Work task >>
Write out the data that follows. Keep every character unchanged.

Data shown >>
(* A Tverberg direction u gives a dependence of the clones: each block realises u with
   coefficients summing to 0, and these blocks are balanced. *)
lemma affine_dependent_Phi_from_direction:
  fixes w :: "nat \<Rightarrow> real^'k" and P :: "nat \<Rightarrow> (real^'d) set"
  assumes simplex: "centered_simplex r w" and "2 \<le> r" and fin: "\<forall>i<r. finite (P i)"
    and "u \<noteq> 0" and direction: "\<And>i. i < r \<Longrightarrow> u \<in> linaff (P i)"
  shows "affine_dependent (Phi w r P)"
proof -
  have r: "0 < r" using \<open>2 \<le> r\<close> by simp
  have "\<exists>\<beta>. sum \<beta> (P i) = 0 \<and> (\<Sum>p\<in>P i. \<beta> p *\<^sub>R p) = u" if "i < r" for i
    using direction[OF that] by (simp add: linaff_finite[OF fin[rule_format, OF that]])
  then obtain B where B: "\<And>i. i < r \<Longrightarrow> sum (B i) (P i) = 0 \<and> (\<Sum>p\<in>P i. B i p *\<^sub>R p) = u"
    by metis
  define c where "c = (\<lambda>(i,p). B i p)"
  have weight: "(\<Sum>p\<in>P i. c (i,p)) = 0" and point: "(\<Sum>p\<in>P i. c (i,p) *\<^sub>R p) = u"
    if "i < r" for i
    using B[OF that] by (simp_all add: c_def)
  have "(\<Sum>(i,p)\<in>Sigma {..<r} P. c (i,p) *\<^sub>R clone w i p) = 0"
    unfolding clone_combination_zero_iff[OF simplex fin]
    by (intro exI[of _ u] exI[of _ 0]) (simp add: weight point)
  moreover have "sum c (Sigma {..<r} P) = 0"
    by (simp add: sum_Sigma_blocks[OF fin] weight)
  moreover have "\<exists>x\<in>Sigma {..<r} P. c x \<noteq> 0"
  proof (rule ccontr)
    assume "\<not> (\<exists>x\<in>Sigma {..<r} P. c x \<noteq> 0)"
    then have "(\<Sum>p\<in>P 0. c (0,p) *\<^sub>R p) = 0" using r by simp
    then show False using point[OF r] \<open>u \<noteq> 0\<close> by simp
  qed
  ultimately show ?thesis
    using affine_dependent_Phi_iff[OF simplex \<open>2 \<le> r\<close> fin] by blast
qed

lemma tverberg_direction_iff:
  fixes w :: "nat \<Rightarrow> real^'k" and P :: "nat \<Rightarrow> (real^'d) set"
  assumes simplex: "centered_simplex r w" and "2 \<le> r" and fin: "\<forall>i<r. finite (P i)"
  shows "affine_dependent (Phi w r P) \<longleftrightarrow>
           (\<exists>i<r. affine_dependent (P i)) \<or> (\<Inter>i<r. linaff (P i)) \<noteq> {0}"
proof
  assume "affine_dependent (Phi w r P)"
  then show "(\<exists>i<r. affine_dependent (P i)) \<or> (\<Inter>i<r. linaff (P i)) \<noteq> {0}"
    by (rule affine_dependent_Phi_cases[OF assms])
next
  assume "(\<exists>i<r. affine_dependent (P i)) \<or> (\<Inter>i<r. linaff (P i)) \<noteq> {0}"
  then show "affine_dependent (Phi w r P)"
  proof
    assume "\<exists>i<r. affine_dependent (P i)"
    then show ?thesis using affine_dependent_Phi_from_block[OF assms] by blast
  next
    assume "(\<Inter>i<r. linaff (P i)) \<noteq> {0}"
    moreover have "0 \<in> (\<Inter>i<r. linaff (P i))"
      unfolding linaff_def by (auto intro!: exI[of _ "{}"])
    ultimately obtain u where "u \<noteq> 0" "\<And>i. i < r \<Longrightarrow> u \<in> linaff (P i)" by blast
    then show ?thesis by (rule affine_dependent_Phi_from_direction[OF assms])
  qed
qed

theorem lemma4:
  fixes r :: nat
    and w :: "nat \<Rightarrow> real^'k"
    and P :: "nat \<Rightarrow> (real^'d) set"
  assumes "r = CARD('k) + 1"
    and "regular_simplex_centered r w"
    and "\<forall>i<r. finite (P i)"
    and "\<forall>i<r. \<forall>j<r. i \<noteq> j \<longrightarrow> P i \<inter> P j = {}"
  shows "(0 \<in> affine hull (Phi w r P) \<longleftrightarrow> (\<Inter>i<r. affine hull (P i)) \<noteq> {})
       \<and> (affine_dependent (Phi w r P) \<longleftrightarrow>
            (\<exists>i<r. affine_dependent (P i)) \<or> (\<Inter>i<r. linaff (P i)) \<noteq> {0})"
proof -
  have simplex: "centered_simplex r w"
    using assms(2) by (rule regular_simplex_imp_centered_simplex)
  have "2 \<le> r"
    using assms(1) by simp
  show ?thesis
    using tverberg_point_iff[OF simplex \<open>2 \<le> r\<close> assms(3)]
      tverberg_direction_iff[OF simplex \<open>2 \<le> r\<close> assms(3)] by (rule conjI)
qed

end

Task result >>
(* A Tverberg direction u gives a dependence of the clones: each block realises u with
   coefficients summing to 0, and these blocks are balanced. *)
lemma affine_dependent_Phi_from_direction:
  fixes w :: "nat \<Rightarrow> real^'k" and P :: "nat \<Rightarrow> (real^'d) set"
  assumes simplex: "centered_simplex r w" and "2 \<le> r" and fin: "\<forall>i<r. finite (P i)"
    and "u \<noteq> 0" and direction: "\<And>i. i < r \<Longrightarrow> u \<in> linaff (P i)"
  shows "affine_dependent (Phi w r P)"
proof -
  have r: "0 < r" using \<open>2 \<le> r\<close> by simp
  have "\<exists>\<beta>. sum \<beta> (P i) = 0 \<and> (\<Sum>p\<in>P i. \<beta> p *\<^sub>R p) = u" if "i < r" for i
    using direction[OF that] by (simp add: linaff_finite[OF fin[rule_format, OF that]])
  then obtain B where B: "\<And>i. i < r \<Longrightarrow> sum (B i) (P i) = 0 \<and> (\<Sum>p\<in>P i. B i p *\<^sub>R p) = u"
    by metis
  define c where "c = (\<lambda>(i,p). B i p)"
  have weight: "(\<Sum>p\<in>P i. c (i,p)) = 0" and point: "(\<Sum>p\<in>P i. c (i,p) *\<^sub>R p) = u"
    if "i < r" for i
    using B[OF that] by (simp_all add: c_def)
  have "(\<Sum>(i,p)\<in>Sigma {..<r} P. c (i,p) *\<^sub>R clone w i p) = 0"
    unfolding clone_combination_zero_iff[OF simplex fin]
    by (intro exI[of _ u] exI[of _ 0]) (simp add: weight point)
  moreover have "sum c (Sigma {..<r} P) = 0"
    by (simp add: sum_Sigma_blocks[OF fin] weight)
  moreover have "\<exists>x\<in>Sigma {..<r} P. c x \<noteq> 0"
  proof (rule ccontr)
    assume "\<not> (\<exists>x\<in>Sigma {..<r} P. c x \<noteq> 0)"
    then have "(\<Sum>p\<in>P 0. c (0,p) *\<^sub>R p) = 0" using r by simp
    then show False using point[OF r] \<open>u \<noteq> 0\<close> by simp
  qed
  ultimately show ?thesis
    using affine_dependent_Phi_iff[OF simplex \<open>2 \<le> r\<close> fin] by blast
qed

lemma tverberg_direction_iff:
  fixes w :: "nat \<Rightarrow> real^'k" and P :: "nat \<Rightarrow> (real^'d) set"
  assumes simplex: "centered_simplex r w" and "2 \<le> r" and fin: "\<forall>i<r. finite (P i)"
  shows "affine_dependent (Phi w r P) \<longleftrightarrow>
           (\<exists>i<r. affine_dependent (P i)) \<or> (\<Inter>i<r. linaff (P i)) \<noteq> {0}"
proof
  assume "affine_dependent (Phi w r P)"
  then show "(\<exists>i<r. affine_dependent (P i)) \<or> (\<Inter>i<r. linaff (P i)) \<noteq> {0}"
    by (rule affine_dependent_Phi_cases[OF assms])
next
  assume "(\<exists>i<r. affine_dependent (P i)) \<or> (\<Inter>i<r. linaff (P i)) \<noteq> {0}"
  then show "affine_dependent (Phi w r P)"
  proof
    assume "\<exists>i<r. affine_dependent (P i)"
    then show ?thesis using affine_dependent_Phi_from_block[OF assms] by blast
  next
    assume "(\<Inter>i<r. linaff (P i)) \<noteq> {0}"
    moreover have "0 \<in> (\<Inter>i<r. linaff (P i))"
      unfolding linaff_def by (auto intro!: exI[of _ "{}"])
    ultimately obtain u where "u \<noteq> 0" "\<And>i. i < r \<Longrightarrow> u \<in> linaff (P i)" by blast
    then show ?thesis by (rule affine_dependent_Phi_from_direction[OF assms])
  qed
qed

theorem lemma4:
  fixes r :: nat
    and w :: "nat \<Rightarrow> real^'k"
    and P :: "nat \<Rightarrow> (real^'d) set"
  assumes "r = CARD('k) + 1"
    and "regular_simplex_centered r w"
    and "\<forall>i<r. finite (P i)"
    and "\<forall>i<r. \<forall>j<r. i \<noteq> j \<longrightarrow> P i \<inter> P j = {}"
  shows "(0 \<in> affine hull (Phi w r P) \<longleftrightarrow> (\<Inter>i<r. affine hull (P i)) \<noteq> {})
       \<and> (affine_dependent (Phi w r P) \<longleftrightarrow>
            (\<exists>i<r. affine_dependent (P i)) \<or> (\<Inter>i<r. linaff (P i)) \<noteq> {0})"
proof -
  have simplex: "centered_simplex r w"
    using assms(2) by (rule regular_simplex_imp_centered_simplex)
  have "2 \<le> r"
    using assms(1) by simp
  show ?thesis
    using tverberg_point_iff[OF simplex \<open>2 \<le> r\<close> assms(3)]
      tverberg_direction_iff[OF simplex \<open>2 \<le> r\<close> assms(3)] by (rule conjI)
qed

end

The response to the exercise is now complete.